(* Let $K=2^m$ with $m\ge2$ and $L\ge2$, and let $a(t)\in\mathbb{R}^{K-1}$ evolve according to $$\frac{da_i}{dt}=\frac{1}{D}b_ia_i^{\frac{2L}{L+1}},\qquad b_i=\sum_{j=1}^{K-1}\Psi_{ij}e^{-(\Psi a)_j},\quad D=1+\sum_{j=1}^{K-1}e^{-(\Psi a)_j}.$$ Suppose $a(0)$ has $a_i(0)=\gamma_0$ for odd $i$ and $a_i(0)=\delta_0$ for even $i$, with $\gamma_0,\delta_0>0$ and $\frac{\gamma_0}{\delta_0}>\big(\frac{K}{K-2}\big)^{\frac{L+1}{L-1}}$. Then for all $t\ge0$, $a(t)$ keeps this form ($a_i(t)=\gamma(t)$ for odd $i$, $a_i(t)=\delta(t)$ for even $i$), and the ratio $\gamma(t)/\delta(t)$ is strictly increasing in $t$; in particular $\gamma(t)/\delta(t)$ stays above $\big(\frac{K}{K-2}\big)^{\frac{L+1}{L-1}}$ for all $t\ge0$.
   Context: Sylvester Hadamard matrices: $\Phi_1=(1)$, $\Phi_{2^m}=\begin{bmatrix}\Phi_{2^{m-1}}&\Phi_{2^{m-1}}\\ \Phi_{2^{m-1}}&-\Phi_{2^{m-1}}\end{bmatrix}$, $\Phi=\Phi_K$. $\Psi\in\mathbb{R}^{(K-1)\times(K-1)}$ is obtained from $1_K1_K^T-\Phi$ by deleting its first row and first column, indexed $1,\dots,K-1$. *)

theory Defs
  imports "HOL-Analysis.Analysis"
begin

(* Sylvester Hadamard matrix Phi_{2^m}, with 0-based indices i,j < 2^m:
   Phi_1 = (1),  Phi_{2^(m+1)} = [[Phi, Phi],[Phi, -Phi]] (blocks of size 2^m). *)
fun sylvester :: "nat \<Rightarrow> nat \<Rightarrow> nat \<Rightarrow> real" where
  "sylvester 0 i j = 1"
| "sylvester (Suc m) i j =
     (if 2^m \<le> i \<and> 2^m \<le> j then -1 else 1) * sylvester m (i mod 2^m) (j mod 2^m)"

(* Psi = (1 1^T - Phi) with first row and column deleted; Psi is indexed by
   i,j in {1..K-1}, and Psi_{ij} = 1 - Phi(i,j) where Phi uses 0-based indices. *)
definition Psi :: "nat \<Rightarrow> nat \<Rightarrow> nat \<Rightarrow> real" where
  "Psi m i j = 1 - sylvester m i j"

━━━━━━━━━━━━━━━━

- **Task description**
In the records, which lines use the word "real"? Report them.

- **Written response**
fun sylvester :: "nat \<Rightarrow> nat \<Rightarrow> nat \<Rightarrow> real" where
definition Psi :: "nat \<Rightarrow> nat \<Rightarrow> nat \<Rightarrow> real" where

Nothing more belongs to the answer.